### Exercise brief:
Report every line of the records that contains the word "lemma".

### Records for this task:

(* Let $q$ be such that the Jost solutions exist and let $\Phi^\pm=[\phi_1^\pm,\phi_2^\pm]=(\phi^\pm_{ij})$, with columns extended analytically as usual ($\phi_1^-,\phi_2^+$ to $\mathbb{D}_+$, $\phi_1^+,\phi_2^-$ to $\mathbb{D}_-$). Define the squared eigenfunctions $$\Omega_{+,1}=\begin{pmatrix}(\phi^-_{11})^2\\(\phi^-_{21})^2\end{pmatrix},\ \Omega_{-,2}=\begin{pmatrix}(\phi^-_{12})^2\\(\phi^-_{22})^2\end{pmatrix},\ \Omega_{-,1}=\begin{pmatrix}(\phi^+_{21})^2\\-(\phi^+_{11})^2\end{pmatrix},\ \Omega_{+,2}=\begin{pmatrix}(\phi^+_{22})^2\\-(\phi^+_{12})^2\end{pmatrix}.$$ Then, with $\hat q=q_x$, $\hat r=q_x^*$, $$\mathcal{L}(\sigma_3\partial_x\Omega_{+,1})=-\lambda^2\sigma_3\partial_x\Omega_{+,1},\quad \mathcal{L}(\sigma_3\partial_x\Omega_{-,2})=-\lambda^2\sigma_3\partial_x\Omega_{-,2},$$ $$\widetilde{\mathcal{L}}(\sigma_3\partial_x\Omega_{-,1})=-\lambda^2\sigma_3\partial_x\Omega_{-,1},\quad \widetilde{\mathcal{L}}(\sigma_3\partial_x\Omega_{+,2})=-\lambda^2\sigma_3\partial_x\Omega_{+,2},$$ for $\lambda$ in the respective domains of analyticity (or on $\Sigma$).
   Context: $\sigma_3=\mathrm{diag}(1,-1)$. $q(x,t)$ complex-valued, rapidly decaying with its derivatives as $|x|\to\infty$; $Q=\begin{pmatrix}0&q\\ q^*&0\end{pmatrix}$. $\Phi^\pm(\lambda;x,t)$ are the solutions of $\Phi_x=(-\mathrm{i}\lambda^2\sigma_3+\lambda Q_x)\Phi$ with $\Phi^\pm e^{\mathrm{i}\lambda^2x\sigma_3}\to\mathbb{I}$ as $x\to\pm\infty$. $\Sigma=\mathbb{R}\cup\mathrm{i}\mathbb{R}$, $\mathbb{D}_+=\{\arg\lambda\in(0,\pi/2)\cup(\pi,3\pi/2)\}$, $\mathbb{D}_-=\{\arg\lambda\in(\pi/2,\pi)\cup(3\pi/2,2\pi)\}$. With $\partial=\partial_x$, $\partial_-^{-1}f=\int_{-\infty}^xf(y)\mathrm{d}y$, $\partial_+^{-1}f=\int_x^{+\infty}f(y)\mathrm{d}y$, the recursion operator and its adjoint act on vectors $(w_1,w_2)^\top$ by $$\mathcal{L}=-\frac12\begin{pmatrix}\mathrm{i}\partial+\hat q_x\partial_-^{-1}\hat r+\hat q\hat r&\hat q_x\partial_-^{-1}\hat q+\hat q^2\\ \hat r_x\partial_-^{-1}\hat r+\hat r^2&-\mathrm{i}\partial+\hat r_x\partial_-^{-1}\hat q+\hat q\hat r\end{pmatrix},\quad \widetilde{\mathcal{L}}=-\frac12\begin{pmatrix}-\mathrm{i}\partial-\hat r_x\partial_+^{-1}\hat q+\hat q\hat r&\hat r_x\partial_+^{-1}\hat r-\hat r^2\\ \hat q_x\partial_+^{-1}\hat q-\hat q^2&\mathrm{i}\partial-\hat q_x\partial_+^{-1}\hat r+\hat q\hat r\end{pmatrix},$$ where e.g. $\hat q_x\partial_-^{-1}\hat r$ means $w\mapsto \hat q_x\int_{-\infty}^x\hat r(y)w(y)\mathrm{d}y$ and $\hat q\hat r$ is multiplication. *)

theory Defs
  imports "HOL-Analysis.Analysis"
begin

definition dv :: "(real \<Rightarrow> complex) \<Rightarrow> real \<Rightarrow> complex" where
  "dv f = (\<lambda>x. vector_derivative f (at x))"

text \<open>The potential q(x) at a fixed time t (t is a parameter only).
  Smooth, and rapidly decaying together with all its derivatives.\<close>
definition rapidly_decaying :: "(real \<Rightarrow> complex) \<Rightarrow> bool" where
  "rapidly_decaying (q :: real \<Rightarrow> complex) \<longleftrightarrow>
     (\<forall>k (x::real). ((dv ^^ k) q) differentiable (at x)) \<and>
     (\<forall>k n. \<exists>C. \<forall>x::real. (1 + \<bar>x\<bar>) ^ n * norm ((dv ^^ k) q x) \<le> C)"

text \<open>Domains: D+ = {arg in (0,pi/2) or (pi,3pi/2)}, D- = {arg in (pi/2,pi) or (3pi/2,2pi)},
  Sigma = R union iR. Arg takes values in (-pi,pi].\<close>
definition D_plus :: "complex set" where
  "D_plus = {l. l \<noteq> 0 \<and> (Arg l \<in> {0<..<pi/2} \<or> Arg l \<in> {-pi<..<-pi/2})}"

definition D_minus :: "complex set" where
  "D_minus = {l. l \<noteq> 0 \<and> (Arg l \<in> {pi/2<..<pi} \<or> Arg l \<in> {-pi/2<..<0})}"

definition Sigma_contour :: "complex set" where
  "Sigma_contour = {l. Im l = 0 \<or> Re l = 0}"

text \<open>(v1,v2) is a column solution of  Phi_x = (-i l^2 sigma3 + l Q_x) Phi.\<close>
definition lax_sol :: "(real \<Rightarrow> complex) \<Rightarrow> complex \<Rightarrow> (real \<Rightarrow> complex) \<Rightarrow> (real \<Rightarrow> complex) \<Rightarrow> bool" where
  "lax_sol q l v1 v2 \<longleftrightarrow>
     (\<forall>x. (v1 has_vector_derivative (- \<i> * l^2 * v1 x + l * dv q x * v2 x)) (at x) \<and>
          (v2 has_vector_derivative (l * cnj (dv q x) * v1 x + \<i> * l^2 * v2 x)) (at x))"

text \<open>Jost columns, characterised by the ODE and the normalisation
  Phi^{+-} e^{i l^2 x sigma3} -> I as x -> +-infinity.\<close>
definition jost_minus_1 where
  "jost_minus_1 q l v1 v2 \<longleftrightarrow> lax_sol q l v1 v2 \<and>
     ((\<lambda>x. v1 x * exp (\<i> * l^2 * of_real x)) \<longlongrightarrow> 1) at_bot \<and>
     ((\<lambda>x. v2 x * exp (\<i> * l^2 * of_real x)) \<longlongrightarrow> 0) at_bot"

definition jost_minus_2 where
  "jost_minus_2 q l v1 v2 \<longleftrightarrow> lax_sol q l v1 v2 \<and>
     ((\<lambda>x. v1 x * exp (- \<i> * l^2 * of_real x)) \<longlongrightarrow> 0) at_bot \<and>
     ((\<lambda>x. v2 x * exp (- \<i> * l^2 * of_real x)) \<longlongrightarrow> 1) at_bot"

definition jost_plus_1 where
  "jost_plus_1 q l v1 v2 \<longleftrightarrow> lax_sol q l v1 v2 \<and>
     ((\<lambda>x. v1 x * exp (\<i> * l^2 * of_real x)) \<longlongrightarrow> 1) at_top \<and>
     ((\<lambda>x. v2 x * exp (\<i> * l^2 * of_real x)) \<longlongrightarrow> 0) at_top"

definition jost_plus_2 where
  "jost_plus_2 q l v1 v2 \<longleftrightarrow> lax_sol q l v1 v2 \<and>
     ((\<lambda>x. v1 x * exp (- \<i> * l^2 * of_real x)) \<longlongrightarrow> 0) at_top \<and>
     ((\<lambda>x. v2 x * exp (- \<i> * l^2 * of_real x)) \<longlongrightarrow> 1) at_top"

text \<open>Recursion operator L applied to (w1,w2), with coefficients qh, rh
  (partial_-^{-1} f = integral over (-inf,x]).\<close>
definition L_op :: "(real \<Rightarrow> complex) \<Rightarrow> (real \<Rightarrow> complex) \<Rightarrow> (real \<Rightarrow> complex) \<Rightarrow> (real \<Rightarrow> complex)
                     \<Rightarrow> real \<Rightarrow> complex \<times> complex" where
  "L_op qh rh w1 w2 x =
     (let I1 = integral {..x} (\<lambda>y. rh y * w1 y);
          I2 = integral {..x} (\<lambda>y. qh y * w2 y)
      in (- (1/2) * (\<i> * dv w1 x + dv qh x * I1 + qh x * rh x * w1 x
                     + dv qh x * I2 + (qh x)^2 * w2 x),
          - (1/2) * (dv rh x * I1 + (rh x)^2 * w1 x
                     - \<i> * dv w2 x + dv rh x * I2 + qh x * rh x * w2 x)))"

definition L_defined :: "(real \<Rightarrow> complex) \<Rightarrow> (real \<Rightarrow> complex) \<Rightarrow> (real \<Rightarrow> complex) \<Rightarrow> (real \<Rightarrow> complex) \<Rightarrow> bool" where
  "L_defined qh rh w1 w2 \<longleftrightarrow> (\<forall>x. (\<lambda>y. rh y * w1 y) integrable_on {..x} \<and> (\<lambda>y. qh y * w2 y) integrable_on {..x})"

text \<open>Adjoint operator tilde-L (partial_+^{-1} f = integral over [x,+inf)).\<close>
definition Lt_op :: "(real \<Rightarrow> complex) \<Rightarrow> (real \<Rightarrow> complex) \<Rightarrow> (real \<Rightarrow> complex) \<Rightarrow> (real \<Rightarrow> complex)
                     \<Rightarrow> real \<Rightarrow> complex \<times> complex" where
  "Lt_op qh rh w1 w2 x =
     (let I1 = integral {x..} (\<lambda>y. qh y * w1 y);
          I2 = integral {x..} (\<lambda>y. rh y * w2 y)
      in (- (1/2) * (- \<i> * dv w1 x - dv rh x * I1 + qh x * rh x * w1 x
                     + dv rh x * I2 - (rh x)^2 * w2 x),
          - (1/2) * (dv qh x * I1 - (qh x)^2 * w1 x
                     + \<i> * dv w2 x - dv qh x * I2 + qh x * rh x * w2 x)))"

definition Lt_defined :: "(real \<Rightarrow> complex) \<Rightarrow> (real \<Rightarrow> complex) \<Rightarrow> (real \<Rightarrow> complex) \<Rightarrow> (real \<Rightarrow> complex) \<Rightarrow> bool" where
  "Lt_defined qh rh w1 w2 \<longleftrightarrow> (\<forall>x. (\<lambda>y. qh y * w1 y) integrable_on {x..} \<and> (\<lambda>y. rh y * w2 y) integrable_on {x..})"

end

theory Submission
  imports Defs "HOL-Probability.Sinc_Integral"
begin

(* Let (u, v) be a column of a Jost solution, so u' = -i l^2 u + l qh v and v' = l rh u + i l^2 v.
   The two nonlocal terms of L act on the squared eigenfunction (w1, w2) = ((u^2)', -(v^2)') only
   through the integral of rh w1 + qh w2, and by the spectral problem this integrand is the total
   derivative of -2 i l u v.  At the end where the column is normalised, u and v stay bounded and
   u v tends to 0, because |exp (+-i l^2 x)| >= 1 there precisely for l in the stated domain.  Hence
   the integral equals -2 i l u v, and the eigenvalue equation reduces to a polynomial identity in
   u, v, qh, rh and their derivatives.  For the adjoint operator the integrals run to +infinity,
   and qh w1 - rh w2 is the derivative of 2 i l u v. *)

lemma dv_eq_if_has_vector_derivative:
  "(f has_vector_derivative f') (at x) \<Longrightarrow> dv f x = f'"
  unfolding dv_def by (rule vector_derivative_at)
---
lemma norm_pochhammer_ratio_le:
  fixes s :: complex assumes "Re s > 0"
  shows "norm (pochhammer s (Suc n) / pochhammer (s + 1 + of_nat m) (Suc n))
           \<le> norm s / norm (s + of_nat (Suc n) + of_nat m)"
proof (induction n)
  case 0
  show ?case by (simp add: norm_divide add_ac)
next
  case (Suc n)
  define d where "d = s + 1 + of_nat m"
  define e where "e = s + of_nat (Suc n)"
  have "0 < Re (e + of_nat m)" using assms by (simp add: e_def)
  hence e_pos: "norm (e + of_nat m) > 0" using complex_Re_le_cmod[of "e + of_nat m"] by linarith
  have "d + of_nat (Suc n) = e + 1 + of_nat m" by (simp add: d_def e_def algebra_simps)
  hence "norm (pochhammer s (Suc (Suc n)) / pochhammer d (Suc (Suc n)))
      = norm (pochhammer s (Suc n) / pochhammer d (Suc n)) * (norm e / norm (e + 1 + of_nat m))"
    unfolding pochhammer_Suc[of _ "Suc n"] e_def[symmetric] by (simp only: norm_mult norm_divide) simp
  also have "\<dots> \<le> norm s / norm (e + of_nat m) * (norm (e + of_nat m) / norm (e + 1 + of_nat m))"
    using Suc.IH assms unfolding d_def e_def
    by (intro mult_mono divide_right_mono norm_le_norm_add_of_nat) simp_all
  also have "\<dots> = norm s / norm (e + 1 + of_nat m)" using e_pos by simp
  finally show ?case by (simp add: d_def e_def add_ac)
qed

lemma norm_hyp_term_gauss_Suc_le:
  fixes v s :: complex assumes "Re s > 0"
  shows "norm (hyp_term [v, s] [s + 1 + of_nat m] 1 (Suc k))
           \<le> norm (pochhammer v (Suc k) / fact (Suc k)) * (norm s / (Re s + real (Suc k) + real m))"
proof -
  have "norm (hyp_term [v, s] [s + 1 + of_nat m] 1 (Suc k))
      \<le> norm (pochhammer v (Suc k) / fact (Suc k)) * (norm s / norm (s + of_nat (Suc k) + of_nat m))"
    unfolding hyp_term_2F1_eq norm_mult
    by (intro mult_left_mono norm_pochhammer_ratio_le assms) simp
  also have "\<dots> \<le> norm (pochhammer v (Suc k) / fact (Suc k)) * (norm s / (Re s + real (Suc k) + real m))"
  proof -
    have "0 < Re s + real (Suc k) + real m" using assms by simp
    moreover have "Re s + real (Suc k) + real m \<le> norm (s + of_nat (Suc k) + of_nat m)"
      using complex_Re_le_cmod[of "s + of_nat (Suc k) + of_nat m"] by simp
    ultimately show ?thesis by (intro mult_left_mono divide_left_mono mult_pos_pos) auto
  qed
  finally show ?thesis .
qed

### Reply:
lemma dv_eq_if_has_vector_derivative:
lemma norm_pochhammer_ratio_le:
lemma norm_hyp_term_gauss_Suc_le:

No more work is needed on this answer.